**Problem details**
Across the data below, state how many lines hold "else", and reply with nothing but that number.

**Extracted entries**
+ + + + + + +

lemma dist_line_balls:
  assumes "norm e = 1" "x \<in> line_ball e k" "y \<in> line_ball e k'"
  shows "\<bar>k - k'\<bar> - 1/2 < dist x y" "dist x y < \<bar>k - k'\<bar> + 1/2"
proof -
  have "dist (k *\<^sub>R e) (k' *\<^sub>R e) = \<bar>k - k'\<bar>"
    using assms(1) by (simp add: dist_norm flip: scaleR_diff_left)
  then show "\<bar>k - k'\<bar> - 1/2 < dist x y" "dist x y < \<bar>k - k'\<bar> + 1/2"
    using dist_in_balls[of x "k *\<^sub>R e" "1/4" y "k' *\<^sub>R e" "1/4"] assms
    by (simp_all add: line_ball_def dist_commute)
qed

lemma line_ball_unique:
  assumes "norm e = 1" "x \<in> line_ball e k" "1/2 \<le> \<bar>k - k'\<bar>"
  shows "x \<notin> line_ball e k'"
  using dist_line_balls(1)[OF assms(1,2), of x k'] assms(3) by force

lemma line_balls_disjoint:
  assumes "norm e = 1" "1/2 \<le> \<bar>k - k'\<bar>"
  shows "line_ball e k \<inter> line_ball e k' = {}"
  using line_ball_unique[OF assms(1) _ assms(2)] by blast

lemma inner_line_ball:
  fixes e :: "'a::real_inner"
  assumes "norm e = 1" "x \<in> line_ball e k"
  shows "\<bar>inner e x - k\<bar> < 1/4"
proof -
  have "inner e x - k = inner e (x - k *\<^sub>R e)"
    using assms(1) by (simp add: inner_diff_right flip: power2_norm_eq_inner)
  also have "\<bar>\<dots>\<bar> \<le> norm (x - k *\<^sub>R e)"
    using Cauchy_Schwarz_ineq2[of e "x - k *\<^sub>R e"] assms(1) by simp
  finally show ?thesis
    using assms(2) by (simp add: line_ball_def dist_norm norm_minus_commute)
qed

lemma refl_hp_line_ball_iff:
  assumes "e \<noteq> 0"
  shows "refl_hp e 0 x \<in> line_ball e k \<longleftrightarrow> x \<in> line_ball e (- k)"
proof -
  have "refl_hp e 0 (k *\<^sub>R e) = (- k) *\<^sub>R e"
    using assms by (simp add: refl_hp_def power2_norm_eq_inner algebra_simps flip: scaleR_add_left)
  then show ?thesis
    unfolding line_ball_def refl_hp_in_ball_iff[OF assms] by simp
qed

lemma sets_line_ball [measurable]: "line_ball e k \<in> sets lebesgue"
  by (simp add: line_ball_def)

lemma emeasure_line_ball:
  "emeasure lebesgue (line_ball e k :: 'a::euclidean_space set)
     = ennreal (unit_ball_vol (DIM('a)) * (1/4) ^ DIM('a))"
  by (simp add: line_ball_def emeasure_ball)

definition line_profile :: "'a::real_normed_vector \<Rightarrow> real \<Rightarrow> real \<Rightarrow> 'a \<Rightarrow> real" where
  "line_profile e s t x =
     (if x \<in> line_ball e (-3) then s else if x \<in> line_ball e 3 then t
      else if x \<in> line_ball e (-1) then 3/5 else if x \<in> line_ball e 1 then 0 else 1)"

lemma line_profile_measurable [measurable]: "line_profile e s t \<in> borel_measurable lebesgue"
  unfolding line_profile_def by measurable

lemma polarization_line_profile:
  fixes e :: "'a::euclidean_space"
  assumes "norm e = 1"
  shows "polarization e 0 (line_profile e s t) = line_profile e (max s t) (min s t)"
proof
  fix x
  have "e \<noteq> 0" using assms by auto
  have neg: "inner e x \<le> 0" if "x \<in> line_ball e k" "k \<le> -1" for k
    using inner_line_ball[OF assms that(1)] that(2) by linarith
  have pos: "\<not> inner e x \<le> 0" if "x \<in> line_ball e k" "1 \<le> k" for k
    using inner_line_ball[OF assms that(1)] that(2) by linarith
  note excl = line_ball_unique[OF assms]
  note defs = polarization_def line_profile_def halfspace_def refl_hp_line_ball_iff[OF \<open>e \<noteq> 0\<close>]
  consider (m3) "x \<in> line_ball e (-3)" | (p3) "x \<in> line_ball e 3" | (m1) "x \<in> line_ball e (-1)"
    | (p1) "x \<in> line_ball e 1"
    | (outside) "x \<notin> line_ball e (-3)" "x \<notin> line_ball e 3" "x \<notin> line_ball e (-1)" "x \<notin> line_ball e 1"
    by blast
  then show "polarization e 0 (line_profile e s t) x = line_profile e (max s t) (min s t) x"
  proof cases
    case m3
    then show ?thesis by (simp add: defs excl[OF m3] neg[OF m3])
  next
    case p3
    then show ?thesis by (simp add: defs excl[OF p3] pos[OF p3])
  next
    case m1
    then show ?thesis by (simp add: defs excl[OF m1] neg[OF m1])
  next
    case p1
    then show ?thesis by (simp add: defs excl[OF p1] pos[OF p1])
  next
    case outside
    then show ?thesis by (simp add: defs)
  qed
qed

lemma line_ball_regions:
  assumes "norm e = 1"
  shows "x \<in> line_ball e (-3) \<and> x \<notin> line_ball e 3 \<and> x \<notin> line_ball e (-1) \<and> x \<notin> line_ball e 1 \<or>
    x \<notin> line_ball e (-3) \<and> x \<in> line_ball e 3 \<and> x \<notin> line_ball e (-1) \<and> x \<notin> line_ball e 1 \<or>
    x \<notin> line_ball e (-3) \<and> x \<notin> line_ball e 3 \<and> x \<in> line_ball e (-1) \<and> x \<notin> line_ball e 1 \<or>
    x \<notin> line_ball e (-3) \<and> x \<notin> line_ball e 3 \<and> x \<notin> line_ball e (-1) \<and> x \<in> line_ball e 1 \<or>
    x \<notin> line_ball e (-3) \<and> x \<notin> line_ball e 3 \<and> x \<notin> line_ball e (-1) \<and> x \<notin> line_ball e 1"
  using line_ball_unique[OF assms, of x] by force

lemma jump_set_line_profile:
  assumes "norm e = 1" "1 < s" "s \<le> 8/5" "8/5 < t" "t \<le> 2"
  shows "jump_set 1 (line_profile e s t)
      = sym_rect (line_ball e (-3) \<union> line_ball e 3) (line_ball e 1) \<union> sym_rect (line_ball e 3) (line_ball e (-1))"
    and "jump_set 1 (line_profile e t s)
      = sym_rect (line_ball e (-3) \<union> line_ball e 3) (line_ball e 1) \<union> sym_rect (line_ball e (-3)) (line_ball e (-1))"
proof -
  note regions = line_ball_regions[OF assms(1)]
  have "(x, y) \<in> jump_set 1 (line_profile e s t) \<longleftrightarrow>
      (x, y) \<in> sym_rect (line_ball e (-3) \<union> line_ball e 3) (line_ball e 1) \<union> sym_rect (line_ball e 3) (line_ball e (-1))"
    for x y
    using regions[of x] regions[of y]
    by (elim disjE conjE) (use assms(2-) in \<open>simp_all add: jump_set_def sym_rect_def line_profile_def\<close>)
  then show "jump_set 1 (line_profile e s t)
      = sym_rect (line_ball e (-3) \<union> line_ball e 3) (line_ball e 1) \<union> sym_rect (line_ball e 3) (line_ball e (-1))"
    by auto
  have "(x, y) \<in> jump_set 1 (line_profile e t s) \<longleftrightarrow>
      (x, y) \<in> sym_rect (line_ball e (-3) \<union> line_ball e 3) (line_ball e 1) \<union> sym_rect (line_ball e (-3)) (line_ball e (-1))"
    for x y
    using regions[of x] regions[of y]
    by (elim disjE conjE) (use assms(2-) in \<open>simp_all add: jump_set_def sym_rect_def line_profile_def\<close>)
  then show "jump_set 1 (line_profile e t s)
      = sym_rect (line_ball e (-3) \<union> line_ball e 3) (line_ball e 1) \<union> sym_rect (line_ball e (-3)) (line_ball e (-1))"
    by auto
qed

lemma kernel_energy_line_profile_less:
  fixes e :: "'a::euclidean_space"
  assumes "norm e = 1" "0 \<le> p" "0 < \<delta>"
  shows "kernel_energy p \<delta> (jump_set 1 (line_profile e (3/2) (17/10)))
       < kernel_energy p \<delta> (jump_set 1 (line_profile e (17/10) (3/2)))"
proof -
  let ?B = "line_ball e" and ?M = "lebesgue \<Otimes>\<^sub>M lebesgue :: ('a \<times> 'a) measure"
  define C where "C = sym_rect (?B (-3) \<union> ?B 3) (?B 1)"
  define R where "R k = sym_rect (?B k) (?B (-1))" for k
  have disjoint: "?B k \<inter> ?B k' = {}" if "1/2 \<le> \<bar>k - k'\<bar>" for k k'
    using line_balls_disjoint[OF assms(1) that] .
  have jumps: "jump_set 1 (line_profile e (3/2) (17/10)) = C \<union> R 3"
      "jump_set 1 (line_profile e (17/10) (3/2)) = C \<union> R (-3)"
    using jump_set_line_profile[OF assms(1), of "3/2" "17/10"] by (simp_all add: C_def R_def)
  have C_R_disjoint: "C \<inter> R 3 = {}" "C \<inter> R (-3) = {}"
    using disjoint[of 1 "-1"] disjoint[of 1 3] disjoint[of 1 "-3"]
    by (auto simp: C_def R_def sym_rect_def)
  have emeasure_R: "emeasure ?M (R k) = 2 * (emeasure lebesgue (?B 0) * emeasure lebesgue (?B 0))"
    if "k \<in> {3, -3}" for k
    using that disjoint[of 3 "-1"] disjoint[of "-3" "-1"]
    by (auto simp: R_def emeasure_sym_rect emeasure_line_ball)
  have "emeasure ?M C < \<infinity>"
  proof -
    have "emeasure lebesgue (?B (-3) \<union> ?B 3) \<le> emeasure lebesgue (?B (-3)) + emeasure lebesgue (?B 3)"
      by (intro emeasure_subadditive) auto
    then have "emeasure lebesgue (?B (-3) \<union> ?B 3) < \<infinity>"
      by (auto simp: emeasure_line_ball le_less_trans)
    moreover have "emeasure ?M C = 2 * (emeasure lebesgue (?B (-3) \<union> ?B 3) * emeasure lebesgue (?B 1))"
      unfolding C_def using disjoint[of "-3" 1] disjoint[of 3 1] by (intro emeasure_sym_rect) auto
    ultimately show ?thesis
      by (simp add: emeasure_line_ball ennreal_mult_less_top)
  qed
  moreover have "1 \<le> dist x y" if "(x, y) \<in> C" for x y
    using that dist_line_balls(1)[OF assms(1), of x _ y] dist_line_balls(1)[OF assms(1), of y _ x]
    by (fastforce simp: C_def sym_rect_def dist_commute)
  ultimately have "kernel_energy p \<delta> C < \<infinity>"
    using kernel_energy_le[of C 1 p \<delta>] assms(2) by (simp add: C_def ennreal_mult_less_top le_less_trans)
  moreover have "kernel_energy p \<delta> (R 3) < kernel_energy p \<delta> (R (-3))"
  proof (rule kernel_energy_less[where M = "5/2" and m = "7/2"])
    show "emeasure ?M (R 3) = emeasure ?M (R (-3))" "0 < emeasure ?M (R (-3))" "emeasure ?M (R (-3)) < \<infinity>"
      using emeasure_R
      by (auto simp: emeasure_line_ball unit_ball_vol_pos ennreal_zero_less_mult_iff ennreal_mult_less_top)
    show "7/2 \<le> dist x y" if "(x, y) \<in> R 3" for x y
      using that dist_line_balls(1)[OF assms(1), of x 3 y "-1"] dist_line_balls(1)[OF assms(1), of x "-1" y 3]
      by (auto simp: R_def sym_rect_def)
    show "0 < dist x y \<and> dist x y \<le> 5/2" if "(x, y) \<in> R (-3)" for x y
      using that dist_line_balls[OF assms(1), of x "-3" y "-1"] dist_line_balls[OF assms(1), of x "-1" y "-3"]
      by (auto simp: R_def sym_rect_def)
  qed (use assms(2,3) in \<open>simp_all add: R_def\<close>)
  ultimately show ?thesis
    using C_R_disjoint by (simp add: jumps kernel_energy_Un C_def R_def ennreal_add_left_cancel_less)
qed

+ + + + + + +

**Output**
2